There are numerous reactions to Roberts’ ghastly majority opinion in Trump v. United States, but you have to read the actual ghastly text yourself to get the full effect1 of Roberts’ absolutely shameless twisting of “the law” to give him the results he wants. Consider, for example, Roberts’ assertion that Trump’s hysterical and entirely false January 6 rant, claiming that he won the election by an absolutely massive margin and that there were states that wanted to “recertify” their electors, could—could, mind you, for one must always keep an open mind about these things—be considered an official act of the president, and thus immune from prosecution:
The alleged conduct [regarding January 6] largely consists of Trump’s communications in the form of Tweets and a public address. The President possesses “extraordinary power to speak to his fellow citizens and on their behalf.” Hawaii, 585 U. S., at 701; cf. Lindke v. Freed, 601 U. S. 187, 191 (2024). As the sole person charged by the Constitution with executing the laws of the United States, the President oversees—and thus will frequently speak publicly about—a vast array of activities that touch on nearly every aspect of American life. Indeed, a long-recognized aspect of Presidential power is using the office’s “bully pulpit” to persuade Americans, including by speaking forcefully or critically, in ways that the President believes would advance the public interest. He is even expected to comment on those matters of public concern that may not directly implicate the activities of the Federal Government—for instance, to comfort the Nation in the wake of an emergency or tragedy. For these reasons, most of a President’s public communications are likely to fall comfortably within the outer perimeter of his official responsibilities.
In quoting from “Hawaii” (Trump v. Hawaii), Roberts is quoting himself, in a “controversial” 5-4 decision allowing President Trump to ban immigration to the U.S. from selected “terrorist” countries, the point of Roberts’ statement in Hawaii apparently being that the president of the U.S. can say any damn thing he pleases and not have it come back to bite him in the ass.2 I don’t know why Roberts said that the president has an “extraordinary power to speak to his fellow citizens” in the first place—why is his power more “extraordinary” than anyone else’s?—and I have no idea why he cites Lindke v. Freed at all, which is about whether a city manager can block someone from commenting on his private Facebook page.

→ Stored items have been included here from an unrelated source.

lemma outer_scale: "outer (l *s v) = (cmod l)\<^sup>2 *\<^sub>R outer v"
  by (simp add: vec_eq_iff outer_def vector_scaleR_component)
     (simp add: scaleR_conv_of_real flip: complex_norm_square)

lemma outer_eq_0_iff: "outer v = 0 \<longleftrightarrow> v = 0"
proof
  assume "outer v = 0"
  then have "outer v $ i $ i = 0" for i
    by simp
  then show "v = 0"
    by (simp add: outer_def vec_eq_iff)
qed (simp add: outer_def vec_eq_iff)

lemma matrix_outer_adjm: "K ** outer v ** adjm K = outer (K *v v)"
  by (simp add: vec_eq_iff forall_2 sum_2 matrix_matrix_mult_def matrix_vector_mult_def
      outer_def adjm_def algebra_simps)

lemma matrix_scaleR_middle:
  fixes A B M :: "'a::real_algebra_1 ^ 'n ^ 'n"
  shows "A ** (r *\<^sub>R M) ** B = r *\<^sub>R (A ** M ** B)"
  by (simp add: vec_eq_iff matrix_matrix_mult_def mult_scaleR_left flip: scaleR_sum_right)

lemma matrix_sandwich_add:
  fixes A B M M' :: "'a::semiring_1 ^ 'n ^ 'n"
  shows "A ** (M + M') ** B = A ** M ** B + A ** M' ** B"
  by (simp add: vec_eq_iff matrix_matrix_mult_def sum.distrib distrib_left distrib_right)

lemma matrix_sandwich_sum:
  fixes A B :: "'a::semiring_1 ^ 'n ^ 'n"
  shows "A ** sum f I ** B = (\<Sum>i\<in>I. A ** f i ** B)"
  by (induction I rule: infinite_finite_induct) (simp_all add: matrix_sandwich_add)

lemma sum_scaleR_outer_matrix:
  "(\<Sum>i\<in>I. c i *\<^sub>R outer (K *v v i)) = K ** (\<Sum>i\<in>I. c i *\<^sub>R outer (v i)) ** adjm K"
  by (simp add: matrix_sandwich_sum matrix_scaleR_middle matrix_outer_adjm)

definition wedge :: "'a::comm_ring ^ 2 \<Rightarrow> 'a ^ 2 \<Rightarrow> 'a" where
  "wedge u v = u $ 1 * v $ 2 - u $ 2 * v $ 1"

lemma wedge_self [simp]: "wedge u u = 0"
  by (simp add: wedge_def mult.commute)

lemma wedge_matrix_vector_mult:
  fixes A :: "'a::comm_ring_1 ^ 2 ^ 2"
  shows "wedge (A *v u) (A *v v) = det A * wedge u v"
  by (simp add: wedge_def det_2 matrix_vector_mult_def sum_2 algebra_simps)

lemma wedge_scale: "wedge (a *s u) (b *s v) = a * b * wedge u v"
  by (simp add: wedge_def algebra_simps)

definition orth :: "cvec \<Rightarrow> cvec" where
  "orth t = vector [- cnj (t $ 2), cnj (t $ 1)]"

lemma braket_orth: "braket (orth t) y = wedge t y"
  by (simp add: braket_def orth_def wedge_def sum_2)

lemma braket_self: "braket t t = of_real ((norm t)\<^sup>2)"
  by (simp add: braket_def norm_vec_def L2_set_def sum_2 mult.commute flip: complex_norm_square)

lemma parallel_if_wedge_eq_0:
  assumes "norm t = 1" and "wedge t y = 0"
  shows "y = braket t y *s t"
proof -
  have unit: "t $ 1 * cnj (t $ 1) + t $ 2 * cnj (t $ 2) = 1"
    using braket_self[of t] assms(1) by (simp add: braket_def sum_2 mult.commute)
  have par: "t $ 1 * y $ 2 = t $ 2 * y $ 1"
    using assms(2) by (simp add: wedge_def)
  have "braket t y * t $ i = (t $ 1 * cnj (t $ 1) + t $ 2 * cnj (t $ 2)) * y $ i" for i
    using exhaust_2[of i] par by (auto simp: braket_def sum_2 algebra_simps)
  then show ?thesis
    by (simp add: vec_eq_iff unit mult.commute)
qed

(* The cross-ratio (z1, z3; z4, z2) of the points z_i = u_i$1 / u_i$2 of the projective line,
   where (a, b; c, d) = (a - c) (b - d) / ((b - c) (a - d)); this ordering gives the target
   vectors below the cross-ratio c. *)
definition cross_ratio :: "'a::field ^ 2 \<Rightarrow> 'a ^ 2 \<Rightarrow> 'a ^ 2 \<Rightarrow> 'a ^ 2 \<Rightarrow> 'a" where
  "cross_ratio u1 u2 u3 u4 = wedge u1 u4 * wedge u3 u2 / (wedge u1 u2 * wedge u3 u4)"

lemma cross_ratio_matrix_vector_mult:
  fixes A :: "'a::field ^ 2 ^ 2"
  assumes "det A \<noteq> 0"
  shows "cross_ratio (A *v u1) (A *v u2) (A *v u3) (A *v u4) = cross_ratio u1 u2 u3 u4"
proof -
  have "cross_ratio (A *v u1) (A *v u2) (A *v u3) (A *v u4)
      = (det A * det A) * (wedge u1 u4 * wedge u3 u2) / ((det A * det A) * (wedge u1 u2 * wedge u3 u4))"
    by (simp add: cross_ratio_def wedge_matrix_vector_mult algebra_simps)
  then show ?thesis
    using assms by (simp add: cross_ratio_def)
qed

lemma cross_ratio_scale:
  fixes l1 l2 l3 l4 :: "'a::field"
  assumes "l1 \<noteq> 0" "l2 \<noteq> 0" "l3 \<noteq> 0" "l4 \<noteq> 0"
  shows "cross_ratio (l1 *s u1) (l2 *s u2) (l3 *s u3) (l4 *s u4) = cross_ratio u1 u2 u3 u4"
proof -
  have "cross_ratio (l1 *s u1) (l2 *s u2) (l3 *s u3) (l4 *s u4)
      = (l1 * l2 * l3 * l4) * (wedge u1 u4 * wedge u3 u2) / ((l1 * l2 * l3 * l4) * (wedge u1 u2 * wedge u3 u4))"
    by (simp add: cross_ratio_def wedge_scale algebra_simps)
  then show ?thesis
    using assms by (simp add: cross_ratio_def)
qed

lemma cross_ratio_eq_if_matrix_maps_to_multiples:
  fixes A :: "'a::field ^ 2 ^ 2"
  assumes maps: "A *v u1 = l1 *s t1" "A *v u2 = l2 *s t2" "A *v u3 = l3 *s t3" "A *v u4 = l4 *s t4"
    and nonzero: "l1 \<noteq> 0" "l2 \<noteq> 0" "l3 \<noteq> 0" "l4 \<noteq> 0"
    and independent: "wedge t1 t2 \<noteq> 0"
  shows "cross_ratio u1 u2 u3 u4 = cross_ratio t1 t2 t3 t4"
proof -
  have "det A * wedge u1 u2 = l1 * l2 * wedge t1 t2"
    by (metis maps(1,2) wedge_matrix_vector_mult wedge_scale)
  then have "det A \<noteq> 0"
    using nonzero independent by auto
  then have "cross_ratio u1 u2 u3 u4 = cross_ratio (A *v u1) (A *v u2) (A *v u3) (A *v u4)"
    by (simp add: cross_ratio_matrix_vector_mult)
  also have "\<dots> = cross_ratio t1 t2 t3 t4"
    unfolding maps using nonzero by (rule cross_ratio_scale)
  finally show ?thesis .
qed

definition cross_ratios :: "('a::field ^ 2) set \<Rightarrow> 'a set" where
  "cross_ratios V = {cross_ratio u1 u2 u3 u4 | u1 u2 u3 u4. u1 \<in> V \<and> u2 \<in> V \<and> u3 \<in> V \<and> u4 \<in> V}"

lemma finite_cross_ratios: "finite V \<Longrightarrow> finite (cross_ratios V)"
proof -
  assume "finite V"
  moreover have "cross_ratios V = (\<lambda>(u1, u2, u3, u4). cross_ratio u1 u2 u3 u4) ` (V \<times> V \<times> V \<times> V)"
    by (auto simp: cross_ratios_def image_def)
  ultimately show ?thesis
    by simp
qed

lemma exists_real_avoiding_finite:
  assumes "finite (F :: complex set)"
  obtains c :: real where "0 < c" "c < 1" "complex_of_real c \<notin> F"
proof -
  have "finite (of_real -` F :: real set)"
    using assms by (rule finite_vimageI) (simp add: inj_of_real)
  then have "infinite ({0<..<1} - of_real -` F :: real set)"
    by (simp add: Diff_infinite_finite)
  then obtain c where "c \<in> {0<..<1} - of_real -` F"
    using infinite_imp_nonempty by blast
  then show ?thesis
    using that by auto
qed

definition target_vec :: "real \<Rightarrow> nat \<Rightarrow> nat \<Rightarrow> cvec" where
  "target_vec c af xf =
     (if xf = 0 then if af = 0 then vector [1, 0] else vector [0, 1]
      else if af = 0 then vector [of_real (sqrt c), of_real (sqrt (1 - c))]
      else vector [- of_real (sqrt (1 - c)), of_real (sqrt c)])"

definition target_assemblage :: "real \<Rightarrow> nat \<Rightarrow> nat \<Rightarrow> cmat" where
  "target_assemblage c af xf = (1 / 2) *\<^sub>R outer (target_vec c af xf)"

lemma norm_target_vec:
  assumes "0 \<le> c" "c \<le> 1"
  shows "norm (target_vec c af xf) = 1"
  using assms by (simp add: target_vec_def norm_vec_def L2_set_def sum_2)

lemma outer_target_vec_resolution:
  assumes "0 \<le> c" "c \<le> 1"
  shows "outer (target_vec c 0 xf) + outer (target_vec c 1 xf) = mat 1"
proof -
  have "complex_of_real (sqrt c) * of_real (sqrt c) + of_real (sqrt (1 - c)) * of_real (sqrt (1 - c)) = 1"
    using assms by (simp flip: of_real_mult)
  then show ?thesis
    by (simp add: target_vec_def vec_eq_iff forall_2 outer_def mat_def algebra_simps)
qed

lemma qubit_assemblage_target:
  assumes "0 \<le> c" "c \<le> 1"
  shows "qubit_assemblage (target_assemblage c)"
proof -
  have marginal: "target_assemblage c 0 xf + target_assemblage c 1 xf = (1 / 2) *\<^sub>R mat 1" for xf
    using outer_target_vec_resolution[OF assms]
    by (simp add: target_assemblage_def flip: scaleR_add_right)
  have psd: "psd (target_assemblage c af xf)" for af xf
    by (simp add: target_assemblage_def psd_scaleR_outer)
  show ?thesis
    unfolding qubit_assemblage_def density_op_def marginal
  proof (intro conjI ballI psd)
    show "psd ((1 / 2) *\<^sub>R mat 1)"
      using psd_add[OF psd[of 0 0] psd[of 1 0]] by (simp only: marginal)
    show "trace2 ((1 / 2) *\<^sub>R mat 1) = 1"
      by (simp add: trace2_def sum_2 mat_def vector_scaleR_component) (simp add: scaleR_conv_of_real)
  qed simp
qed

lemma wedge_target_vec_0: "wedge (target_vec c 0 0) (target_vec c 1 0) = 1"
  by (simp add: wedge_def target_vec_def)

lemma cross_ratio_target_vec:
  assumes "0 \<le> c" "c \<le> 1"
  shows "cross_ratio (target_vec c 0 0) (target_vec c 1 0) (target_vec c 0 1) (target_vec c 1 1) = of_real c"
proof -
  have "complex_of_real (sqrt c) * of_real (sqrt c) = of_real c"
    using assms by (simp flip: of_real_mult)
  moreover have "complex_of_real (sqrt (1 - c)) * of_real (sqrt (1 - c)) = 1 - of_real c"
    using assms by (simp flip: of_real_mult)
  ultimately show ?thesis
    by (simp add: cross_ratio_def wedge_def target_vec_def algebra_simps)
qed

Chief Justice John Roberts was able to push this supremely ugly political football over the line with the help of the “Federalist Society Three”—Neil Gorsuch, Brett Kavanaugh, and Amy Coney Barratt—the three justices appointed by Donald Trump, chosen by him from a list prepared by the notorious “Federalist Society”, a right-wing outfit formed by a bunch of rich guys an alliance of dedicated idealists who claimed to want to take the U.S. back to the good old days when the Constitution was interpreted on the basis of what it said, rather than on the basis of what it ought to have said—the supposed “doctrine” of “originalism”. I was therefore particularly amused—to the extent that one can be amused these days—by the struggles of three “originalist”/Federalist Society types—David French of the New York Times, William Braude, a University of Chicago law professor also writing in the Times, and Ilya Somin, who teaches at the unfortunately named Antonin Scalia School of Law at George Mason University in Virginia and writes for the Volokh Conspiracy—to understand how supposedly card-carrying “originalists” like Roberts and his partners in crime could get it so wrong—as if “originalism” is actually a thing, rather than a “heads I win tails you lose” intellectual fraud—which is precisely what it is, and what it has always been.3
In his column, the often honest Mr. French says, regarding both Trump v. United States and the equally execrable Trump v. Anderson, “I reject the simplest explanation — the explanation you can see plastered all over social media — that the court’s conservative majority is biased in favor of Trump.” To bolster his case, he notes that the Court, in “real time”, constantly rejected legal arguments by MAGA partisans to seize control of the election process in the 2020 presidential election and ensure a Trump victory.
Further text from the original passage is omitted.